Esta medicalización actúa como reguladora de cuerpos femeninos. Cada vez es más
evidente que vivimos en una sociedad que comercializa la infelicidad al negar las
emociones como algo consustancial a nuestra naturaleza humana. La invención de
trastornos, o clasificación con sesgo de género, basados en emociones humanas
normales (y casi nunca patológicas) como la tristeza, la ansiedad, el desasosiego, la
timidez… acaba con procesos de sobremedicalización por supuestos trastornos
mentales, que en realidad son, en la mayoría de las situaciones, reacciones a las
desigualdades sociales y modelos socioculturales. Se construyen diferencias como
esenciales en términos sexo-genéricos y este esencialismo legitima un
ordenamiento jerárquico de subjetividades.
“El hecho de ser mujer” en una sociedad patriarcal como la nuestra, es un factor de
riesgo para la salud. La maternidad, la doble carga de trabajo, la normalización del
rol de cuidadoras, la falta de reconocimiento social, las dificultades para acceder al
mercado de trabajo y para conciliar la vida personal, familiar y laboral, la existencia
de la brecha salarial, la violencia de género… son algunos de los factores que mayor
impacto tienen sobre la salud de las mujeres.
La comprensión del malestar psicológico como sintomatología vinculada a la
desigualdad requiere del análisis de la operatividad del sistema de género y de su
impacto en la subjetividad (López-Gil 2014; Butler 2001). Los sujetos son
parcialmente producidos por los dispositivos de poder que operan en el cuerpo
social. (Pujal, M. Calatayud, M. & Amigot, P. 2020).
Es decir, el modelo actual biomédico no cuenta con factores externos
socioculturales del sistema sexo-genérico dicotómico como fuente explicativa de
ciertas desigualdades que impactan en la salud de las personas.
Se cree necesario la construcción de un modelo interseccional que tenga en cuenta
los sesgos de género en la investigación y los procedimientos del sistema sanitario.
Tal como señala Carol Gilligan: “(los) sesgos de género en la investigación sobre
salud mental han contribuido a etiquetar la angustia de las mujeres y la depresión
producida por la discriminación en los lugares de trabajo, las dobles jornadas, los
roles familiares, etc. como problemas psicológicos más que reacciones normales al
estrés y a las injusticias” (Cabruja, T. Estrella, N, y San Martín, C. 2008). Por lo que,
se trata de implementar un modelo que tenga en cuenta las desigualdades
socioculturales cómo desigualdades estructurales que impregnan ideologías y
constructos necesarios para el mantenimiento de un orden que genera poder-
subordinación en las diferentes esferas sociales.

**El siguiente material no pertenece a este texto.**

(* Let $\ell$ be a positive integer and let $r_i=(a_i,b_i,c_i,d_i)\in\mathbb{Z}^4$, $i=1,2,3,4$, satisfy $a_ia_j+b_ib_j+c_ic_j+d_id_j=\delta_{ij}\ell$ for all $i,j\in\{1,2,3,4\}$. Let $D_i=\gcd(a_i,b_i,c_i,d_i)$ and assume $\gcd(D_1,D_2,D_3,D_4)=1$. For $1\le i<j\le 4$ let $\zeta_{ij}$ be the greatest common divisor of all $2\times2$ minors of the matrix $\begin{pmatrix} a_i & b_i & c_i & d_i\\ a_j & b_j & c_j & d_j\end{pmatrix}$. Let $H=\{\sum_{i=1}^4 s_ir_i: s_i\in[0,1]\}$ and write its Ehrhart polynomial as $E_{H}(t)=\ell^2t^4+\alpha_1t^3+\alpha_2t^2+\alpha_3t+1$. Then $$\alpha_2=\alpha_3+\delta-\Delta,$$ where $\delta=\sum_{1\le i<j\le 4}\zeta_{ij}$ and $\Delta=D_1+D_2+D_3+D_4$.
   Context: $\delta_{ij}$ is the Kronecker delta. The Ehrhart polynomial $E_H$ is the polynomial with $E_H(t)=\#(tH\cap\mathbb{Z}^4)$ for all positive integers $t$. *)

theory Defs
  imports Complex_Main
begin

definition par_H :: "(nat \<Rightarrow> int) \<Rightarrow> (nat \<Rightarrow> int) \<Rightarrow> (nat \<Rightarrow> int) \<Rightarrow> (nat \<Rightarrow> int)
    \<Rightarrow> (real \<times> real \<times> real \<times> real) set" where
  "par_H a b c d = {(\<Sum>i=1..4. s i * a i, \<Sum>i=1..4. s i * b i,
                     \<Sum>i=1..4. s i * c i, \<Sum>i=1..4. s i * d i) | s.
                     \<forall>i\<in>{1..4::nat}. 0 \<le> s i \<and> s i \<le> (1::real)}"

definition lattice_count :: "(nat \<Rightarrow> int) \<Rightarrow> (nat \<Rightarrow> int) \<Rightarrow> (nat \<Rightarrow> int) \<Rightarrow> (nat \<Rightarrow> int)
    \<Rightarrow> nat \<Rightarrow> nat" where
  "lattice_count a b c d t = card {(x::int, y::int, z::int, w::int).
      (real_of_int x, real_of_int y, real_of_int z, real_of_int w)
        \<in> (\<lambda>(p, q, u, v). (real t * p, real t * q, real t * u, real t * v)) ` par_H a b c d}"

definition zeta :: "(nat \<Rightarrow> int) \<Rightarrow> (nat \<Rightarrow> int) \<Rightarrow> (nat \<Rightarrow> int) \<Rightarrow> (nat \<Rightarrow> int)
    \<Rightarrow> nat \<Rightarrow> nat \<Rightarrow> int" where
  "zeta a b c d i j = Gcd {a i * b j - b i * a j, a i * c j - c i * a j, a i * d j - d i * a j,
                          b i * c j - c i * b j, b i * d j - d i * b j, c i * d j - d i * c j}"

end

theory Submission
  imports Defs "HOL-Analysis.Analysis"
begin

text \<open>Since the rows r_i are pairwise orthogonal of squared length l, every integer point satisfies
  l x = sum_i <x, r_i> r_i. Hence x \<mapsto> (<x, r_i>)_i identifies the integer points of tH with the
  points y of the cube [0, tl]^4 for which l divides sum_i y_i r_i. That condition is l-periodic in
  each y_i, so summing over the cube makes the count a polynomial in t whose coefficient of t^k counts
  the solutions in [0, l)^4 supported on k given coordinates. On one coordinate i there are D_i of
  them, on two coordinates i, j there are zeta_ij, and comparing coefficients gives
  alpha_3 = Delta and alpha_2 = delta.\<close>

lemma dvd_mult_Gcd_iff:
  fixes k u :: int
  shows "(\<forall>a\<in>A. k dvd u * a) \<longleftrightarrow> k dvd u * Gcd A"
proof -
  have "(\<forall>a\<in>A. k dvd u * a) \<longleftrightarrow> k dvd Gcd ((*) u ` A)" by (simp add: dvd_Gcd_iff)
  then show ?thesis by (simp add: Gcd_mult)
qed

lemma Gcd_image_linear_combination:
  fixes x :: "'k \<Rightarrow> int"
  assumes "finite K"
  obtains s where "(\<Sum>k\<in>K. s k * x k) = Gcd (x ` K)"
proof -
  from assms have "\<exists>s. (\<Sum>k\<in>K. s k * x k) = Gcd (x ` K)"
  proof (induction K rule: finite_induct)
    case empty
    then show ?case by simp
  next
    case (insert k K)
    then obtain s where s: "(\<Sum>j\<in>K. s j * x j) = Gcd (x ` K)" by blast
    obtain p q where pq: "p * x k + q * Gcd (x ` K) = gcd (x k) (Gcd (x ` K))"
      using bezout_int by blast
    have "(\<Sum>j\<in>insert k K. ((\<lambda>j. q * s j)(k := p)) j * x j) = p * x k + q * (\<Sum>j\<in>K. s j * x j)"
      using insert.hyps by (auto simp: sum_distrib_left mult.assoc intro!: sum.cong)
    then show ?case using pq s by (metis Gcd_insert image_insert)
  qed
  with that show ?thesis by blast
qed

lemma periodic_add_mult:
  assumes "\<And>u. g (u + m) = g (u::int)"
  shows "g (u + int n * m) = g u"
proof (induction n)
  case (Suc n)
  then show ?case using assms[of "u + int n * m"] by (simp add: algebra_simps)
qed simp

lemma sum_periodic:
  fixes g :: "int \<Rightarrow> 'a::comm_ring_1"
  assumes "m > 0" and periodic: "\<And>u. g (u + m) = g u"
  shows "(\<Sum>u\<in>{0..<int n * m}. g u) = of_nat n * (\<Sum>u\<in>{0..<m}. g u)"
proof (induction n)
  case (Suc n)
  have nonneg: "0 \<le> m * int n" using \<open>m > 0\<close> by simp
  have "{0..<int (Suc n) * m} = {0..<int n * m} \<union> (\<lambda>u. u + int n * m) ` {0..<m}"
    by (auto simp: algebra_simps image_iff intro!: exI[of _ "_ - int n * m"])
      (use nonneg \<open>m > 0\<close> in linarith)+
  moreover have "{0..<int n * m} \<inter> (\<lambda>u. u + int n * m) ` {0..<m} = {}" by auto
  moreover have "(\<Sum>u\<in>(\<lambda>u. u + int n * m) ` {0..<m}. g u) = (\<Sum>u\<in>{0..<m}. g (u + int n * m))"
    by (subst sum.reindex) (auto simp: inj_on_def)
  ultimately have "(\<Sum>u\<in>{0..<int (Suc n) * m}. g u)
      = (\<Sum>u\<in>{0..<int n * m}. g u) + (\<Sum>u\<in>{0..<m}. g (u + int n * m))"
    by (simp only: sum.union_disjoint finite_atLeastLessThan_int finite_imageI)
  then show ?case
    using Suc.IH periodic_add_mult[of g m, OF periodic] by (simp add: algebra_simps)
qed simp

lemma sum_periodic_atLeastAtMost:
  fixes g :: "int \<Rightarrow> 'a::comm_ring_1"
  assumes "m > 0" and periodic: "\<And>u. g (u + m) = g u"
  shows "(\<Sum>u\<in>{0..int n * m}. g u) = of_nat n * (\<Sum>u\<in>{0..<m}. g u) + g 0"
proof -
  have "{0..int n * m} = insert (int n * m) {0..<int n * m}" using assms(1) by auto
  then show ?thesis
    using sum_periodic[of m g n] periodic_add_mult[of g m 0 n] assms by simp
qed

lemma sum_of_bool_dvd_diff:
  fixes m n u0 :: int
  assumes "m > 0" and "n \<ge> 0"
  shows "(\<Sum>u\<in>{0..<m * n}. of_bool (m dvd u - u0)) = n"
proof -
  have "{u \<in> {0..<m}. m dvd u - u0} = {u0 mod m}"
    using assms(1) by (auto simp: mod_eq_dvd_iff[symmetric])
  then have one: "(\<Sum>u\<in>{0..<m}. of_bool (m dvd u - u0)) = (1::int)"
    by (simp add: sum.If_cases Int_def)
  have periodic: "of_bool (m dvd (u + m) - u0) = (of_bool (m dvd u - u0) :: int)" for u
    using dvd_add_times_triv_right_iff[of m "u - u0" 1] by (simp add: algebra_simps)
  have "(\<Sum>u\<in>{0..<int (nat n) * m}. of_bool (m dvd u - u0))
      = of_nat (nat n) * (\<Sum>u\<in>{0..<m}. of_bool (m dvd u - u0) :: int)"
    by (rule sum_periodic[OF assms(1)]) (fact periodic)
  with one assms(2) show ?thesis by (simp only: mult_1_left of_nat_nat of_int_eq_id id_apply mult.commute)
qed

lemma sum_of_bool_dvd_affine:
  fixes x c :: "'k \<Rightarrow> int"
  assumes "l > 0" and "Gcd (x ` K) dvd l" and solution: "\<forall>k\<in>K. l dvd u0 * x k + c k"
  shows "(\<Sum>u\<in>{0..<l}. of_bool (\<forall>k\<in>K. l dvd u * x k + c k)) = Gcd (x ` K)"
proof -
  define D where "D = Gcd (x ` K)"
  obtain l' where l': "l = D * l'" using assms(2) unfolding D_def by (elim dvdE)
  have "D \<ge> 0" by (simp add: D_def)
  moreover have "D \<noteq> 0" using l' \<open>l > 0\<close> by auto
  ultimately have "D > 0" by simp
  with l' \<open>l > 0\<close> have "l' > 0" by (simp add: zero_less_mult_iff)
  have "(\<forall>k\<in>K. l dvd u * x k + c k) \<longleftrightarrow> l' dvd u - u0" for u
  proof -
    have "l dvd u * x k + c k \<longleftrightarrow> l dvd (u - u0) * x k" if "k \<in> K" for k
    proof -
      have "u * x k + c k = (u - u0) * x k + (u0 * x k + c k)" by (simp add: algebra_simps)
      then show ?thesis using solution that by (metis dvd_add_left_iff)
    qed
    then have "(\<forall>k\<in>K. l dvd u * x k + c k) \<longleftrightarrow> (\<forall>a\<in>x ` K. l dvd (u - u0) * a)" by simp
    also have "\<dots> \<longleftrightarrow> l dvd (u - u0) * D" unfolding D_def by (rule dvd_mult_Gcd_iff)
    also have "\<dots> \<longleftrightarrow> l' dvd u - u0" using l' \<open>D > 0\<close> by (simp add: mult.commute)
    finally show ?thesis .
  qed
  then have "(\<Sum>u\<in>{0..<l}. of_bool (\<forall>k\<in>K. l dvd u * x k + c k))
      = (\<Sum>u\<in>{0..<l' * D}. of_bool (l' dvd u - u0) :: int)"
    using l' by (simp add: mult.commute)
  also have "\<dots> = D" using sum_of_bool_dvd_diff \<open>l' > 0\<close> \<open>D > 0\<close> by simp
  finally show ?thesis by (simp add: D_def)
qed

lemma Gcd_dvd_sum_squares: "Gcd (x ` K) dvd (\<Sum>k\<in>K. x k * x k :: int)"
  by (intro dvd_sum dvd_mult2) simp

lemma sum_of_bool_dvd_mult:
  fixes x :: "'k \<Rightarrow> int"
  assumes "l > 0" and "(\<Sum>k\<in>K. x k * x k) = l"
  shows "(\<Sum>u\<in>{0..<l}. of_bool (\<forall>k\<in>K. l dvd u * x k)) = Gcd (x ` K)"
  using sum_of_bool_dvd_affine[of l x K 0 "\<lambda>_. 0"] Gcd_dvd_sum_squares[of x K] assms by simp

definition minors :: "('k \<Rightarrow> int) \<Rightarrow> ('k \<Rightarrow> int) \<Rightarrow> 'k set \<Rightarrow> int set" where
  "minors x y K = (\<lambda>(p, q). x p * y q - x q * y p) ` (K \<times> K)"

La salud es un concepto complejo que tiene una gran repercusión en la vida de las
personas en general y en la de las mujeres en particular y debe ser entendida desde una
óptica biopsicosocial. “La falta de perspectiva de género en el ámbito sanitario supone
un factor de riesgo para la salud integral de las mujeres”. Así, el modelo biomédico
vigente genera gran sufrimiento en las mujeres puesto que no tiene en cuenta variables
de género en su planteamiento. De hecho, la medicalización de los síntomas y la
normalización del dolor es una consecuencia de lo anteriormente dicho.
Cada vez es más evidente que vivimos en una sociedad que comercializa la infelicidad
al negar las emociones como algo consustancial a nuestra naturaleza humana. La
invención de trastornos, o clasificación con sesgo de género, basados en emociones
humanas normales (y casi nunca patológicas) como la tristeza, la ansiedad, el
desasosiego, la timidez… acaba con procesos de sobremedicalización por supuestos
trastornos mentales, que en realidad son, en la mayoría de las situaciones, reacciones a
las desigualdades sociales y modelos socioculturales.